[WHAT IS EXPECTED]: Entries follow. Give back exactly the lines starting at the one containing "(\<forall>\<epsilon>>0. \<exists>K. \<forall>n\<in>I." and ending at the one containing "The intensity is", and no other lines.

BEGIN INFORMATION

text \<open>Super bracket of homogeneous D1 (parity p), D2 (parity q):
  [D1,D2] = D1 D2 - (-1)^{pq} D2 D1, determined by its values on the generators.\<close>
definition wbr :: "nat \<Rightarrow> nat \<Rightarrow> bool \<Rightarrow> bool \<Rightarrow> ('k::comm_ring_1) wd \<Rightarrow> 'k wd \<Rightarrow> 'k wd" where
  "wbr m n p q D1 D2 =
     ((\<lambda>i. \<lambda>\<mu>. wact m n D1 (fst D2 i) \<mu> - psign p q * wact m n D2 (fst D1 i) \<mu>),
      (\<lambda>t. \<lambda>\<mu>. wact m n D1 (snd D2 t) \<mu> - psign p q * wact m n D2 (snd D1 t) \<mu>))"

text \<open>g_{\<ge>k}: all coefficients only involve monomials of degree \<ge> k+1.\<close>
definition Wge :: "nat \<Rightarrow> nat \<Rightarrow> nat \<Rightarrow> ('k::zero) wd set" where
  "Wge m n k = {D \<in> Wset m n. (\<forall>i \<mu>. fst D i \<mu> \<noteq> 0 \<longrightarrow> mdeg m \<mu> \<ge> k + 1)
                             \<and> (\<forall>t \<mu>. snd D t \<mu> \<noteq> 0 \<longrightarrow> mdeg m \<mu> \<ge> k + 1)}"

definition opsc :: "bool \<Rightarrow> bool \<Rightarrow> ('m::ab_group_add \<Rightarrow> 'm) \<Rightarrow> ('m \<Rightarrow> 'm) \<Rightarrow> 'm \<Rightarrow> 'm" where
  "opsc p q A B = (\<lambda>u. if p \<and> q then A (B u) + B (A u) else A (B u) - B (A u))"

definition R_module :: "nat \<Rightarrow> nat \<Rightarrow> (('k::comm_ring_1) sr \<Rightarrow> 'm::ab_group_add \<Rightarrow> 'm) \<Rightarrow> bool" where
  "R_module m n act \<longleftrightarrow>
     (\<forall>f\<in>Rset m n. \<forall>u v. act f (u + v) = act f u + act f v)
   \<and> (\<forall>f\<in>Rset m n. \<forall>g\<in>Rset m n. \<forall>u. act (sr_add f g) u = act f u + act g u)
   \<and> (\<forall>f\<in>Rset m n. \<forall>g\<in>Rset m n. \<forall>u. act (sr_mul f g) u = act f (act g u))
   \<and> (\<forall>u. act (sr_const 1) u = u)"
(* For each $T\in\mathbb{N}$ let $\mathcal{F}^T_t:=\sigma(Z^T_1(r),\dots,Z^T_m(r):0\le r\le t)$, $t\in[0,T]$, and let $N_T$ be an $\{\mathcal{F}^T_t\}$-adapted non-homogeneous Poisson process with intensity $\lambda_T(t):=\lambda(t/T)$, where $\lambda:[0,1]\to\mathbb{R}_{>0}$ is deterministic and Hölder-continuous of order $\beta>0$ (similarly $\varsigma_T(t)=T^{-1/2}\varsigma(t/T)$ with $\varsigma:[0,1]\to\mathbb{R}_{>0}$ deterministic Hölder-continuous, and log-price $dP_T(t)=\varsigma_T(t)dB(N_T(t))$ with $B$ a Brownian motion independent of $N_T$, $B(N_T(t))$ adapted). Fix an integer $\overline{N}\ge1$ and define $\tau^{\mathrm{rTTS}}_j:=\inf\{t\le T:N_T(t)\ge j\overline{N}\}$ for integers $0\le j\le N_T(T)/\overline{N}$, with $M(T)=\lceil N_T(T)/\overline{N}\rceil$ and $\tau^{\mathrm{rTTS}}_{M(T)}=T$. Then for all constants $\zeta,\eta>0$, $$\mathbb{E}\Big[\frac{\max_j(\tau^{\mathrm{rTTS}}_j-\tau^{\mathrm{rTTS}}_{j-1})^\zeta}{T^\eta}\Big]\to0\quad(T\to\infty),$$ and in particular the sequence $\max_j(\tau^{\mathrm{rTTS}}_j-\tau^{\mathrm{rTTS}}_{j-1})^\zeta/T^\eta$ is uniformly integrable.
   Context: Hölder-continuity of order $\beta$ means $|\lambda(t+\delta)-\lambda(t)|\le C\delta^\beta$ for all $0\le t\le t+\delta\le1$ and some constant $C>0$. The maximum is taken over $j\in\{1,\dots,M(T)\}$. *)

theory Defs
  imports "HOL-Probability.Probability"
begin

definition holder_cont_01 :: "(real \<Rightarrow> real) \<Rightarrow> real \<Rightarrow> bool" where
  "holder_cont_01 f \<beta> \<longleftrightarrow>
     (\<exists>C>0. \<forall>t \<delta>. 0 \<le> t \<and> 0 \<le> \<delta> \<and> t + \<delta> \<le> 1 \<longrightarrow> \<bar>f (t + \<delta>) - f t\<bar> \<le> C * \<delta> powr \<beta>)"

definition nh_poisson_process ::
    "'a measure \<Rightarrow> real \<Rightarrow> (real \<Rightarrow> real) \<Rightarrow> (real \<Rightarrow> 'a \<Rightarrow> nat) \<Rightarrow> bool" where
  "nh_poisson_process M T lam N \<longleftrightarrow>
     prob_space M \<and>
     (\<forall>t\<in>{0..T}. N t \<in> measurable M (count_space UNIV)) \<and>
     (\<forall>\<omega>\<in>space M.
        N 0 \<omega> = 0 \<and>
        mono_on {0..T} (\<lambda>t. N t \<omega>) \<and>
        (\<forall>t\<in>{0..<T}. continuous (at_right t) (\<lambda>s. real (N s \<omega>))) \<and>
        (\<forall>t\<in>{0<..T}. \<exists>\<epsilon>>0. \<forall>s\<in>{t - \<epsilon><..<t}. N t \<omega> \<le> N s \<omega> + 1)) \<and>
     (\<forall>(n::nat) (t::nat \<Rightarrow> real).
        (\<forall>i\<le>n. t i \<in> {0..T}) \<and> (\<forall>i<n. t i \<le> t (Suc i)) \<longrightarrow>
        prob_space.indep_vars M (\<lambda>_. count_space UNIV)
          (\<lambda>i \<omega>. N (t (Suc i)) \<omega> - N (t i) \<omega>) {..<n}) \<and>
     (\<forall>s t (k::nat). 0 \<le> s \<and> s \<le> t \<and> t \<le> T \<longrightarrow>
        measure M {\<omega> \<in> space M. N t \<omega> - N s \<omega> = k} =
          exp (- integral {s..t} lam) * (integral {s..t} lam) ^ k / fact k)"

text \<open>Number of refresh-time sampling intervals M(T) = ceil(N_T(T)/Nbar)
  (taken to be at least 1, so that for N_T(T) = 0 the single interval [0,T] is used).\<close>
definition rtts_count :: "nat \<Rightarrow> real \<Rightarrow> (real \<Rightarrow> nat) \<Rightarrow> nat" where
  "rtts_count Nbar T cnt = max 1 (nat \<lceil>real (cnt T) / real Nbar\<rceil>)"

definition rtts_tau :: "nat \<Rightarrow> real \<Rightarrow> (real \<Rightarrow> nat) \<Rightarrow> nat \<Rightarrow> real" where
  "rtts_tau Nbar T cnt j =
     (if rtts_count Nbar T cnt \<le> j then T
      else Inf {t \<in> {0..T}. j * Nbar \<le> cnt t})"

definition rtts_max_spacing :: "nat \<Rightarrow> real \<Rightarrow> (real \<Rightarrow> nat) \<Rightarrow> real" where
  "rtts_max_spacing Nbar T cnt =
     Max ((\<lambda>j. rtts_tau Nbar T cnt j - rtts_tau Nbar T cnt (j - 1)) ` {1..rtts_count Nbar T cnt})"

definition unif_integrable_on :: "'i set \<Rightarrow> ('i \<Rightarrow> 'a measure) \<Rightarrow> ('i \<Rightarrow> 'a \<Rightarrow> real) \<Rightarrow> bool" where
  "unif_integrable_on I M X \<longleftrightarrow>
     (\<forall>n\<in>I. integrable (M n) (X n)) \<and>
     (\<forall>\<epsilon>>0. \<exists>K. \<forall>n\<in>I.
        (\<integral>\<omega>. \<bar>X n \<omega>\<bar> * indicator {\<omega>. K < \<bar>X n \<omega>\<bar>} \<omega> \<partial>M n) \<le> \<epsilon>)"

end

theory Submission
  imports Defs "HOL-Real_Asymp.Real_Asymp"
begin

text \<open>If some spacing \<open>\<tau>\<^sub>j - \<tau>\<^sub>j\<^sub>-\<^sub>1\<close> exceeds \<open>2 h\<close>, it contains a whole grid cell
  \<open>[k h, (k + 1) h] \<subseteq> [0, T]\<close> on which the counting path increases by at most \<open>Nbar\<close>.
  The intensity is bounded below by some \<open>c > 0\<close>, so each of the at most \<open>T / h\<close> cell increments
  is Poisson with mean at least \<open>c h\<close>, and a union bound gives
  \<open>P(max spacing > 2 h) = O(T / h * exp (- c h / 2))\<close>. Since the maximal spacing never exceeds
  \<open>T\<close>, its \<open>\<zeta>\<close>-th moment is at most \<open>(2 h) powr \<zeta> + T powr \<zeta> * O(T / h * exp (- c h / 2))\<close>,
  and \<open>h = T powr (\<eta> / (2 \<zeta>))\<close> makes this \<open>o(T powr \<eta>)\<close>. Uniform integrability follows
  because each variable is bounded and their expectations tend to \<open>0\<close>.\<close>

section \<open>Refresh-time sampling of a counting path\<close>

lemma mult_le_of_less_rtts_count:
  assumes "j < rtts_count Nbar T f"
  shows "j * Nbar \<le> f T"
proof (cases "j = 0 \<or> Nbar = 0")
  case False
  then have "j < nat \<lceil>real (f T) / real Nbar\<rceil>"
    using assms by (auto simp: rtts_count_def less_max_iff_disj)
  then have "int j < \<lceil>real (f T) / real Nbar\<rceil>"
    by linarith
  then have "real j < real (f T) / real Nbar"
    by (metis less_ceiling_iff of_int_of_nat_eq)
  then have "real (j * Nbar) < real (f T)"
    using False by (simp add: field_simps)
  then show ?thesis by linarith
next
  case True
  then show ?thesis using assms by (auto simp: rtts_count_def)
qed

END INFORMATION

[RESULT]:
     (\<forall>\<epsilon>>0. \<exists>K. \<forall>n\<in>I.
        (\<integral>\<omega>. \<bar>X n \<omega>\<bar> * indicator {\<omega>. K < \<bar>X n \<omega>\<bar>} \<omega> \<partial>M n) \<le> \<epsilon>)"

end

theory Submission
  imports Defs "HOL-Real_Asymp.Real_Asymp"
begin

text \<open>If some spacing \<open>\<tau>\<^sub>j - \<tau>\<^sub>j\<^sub>-\<^sub>1\<close> exceeds \<open>2 h\<close>, it contains a whole grid cell
  \<open>[k h, (k + 1) h] \<subseteq> [0, T]\<close> on which the counting path increases by at most \<open>Nbar\<close>.
  The intensity is bounded below by some \<open>c > 0\<close>, so each of the at most \<open>T / h\<close> cell increments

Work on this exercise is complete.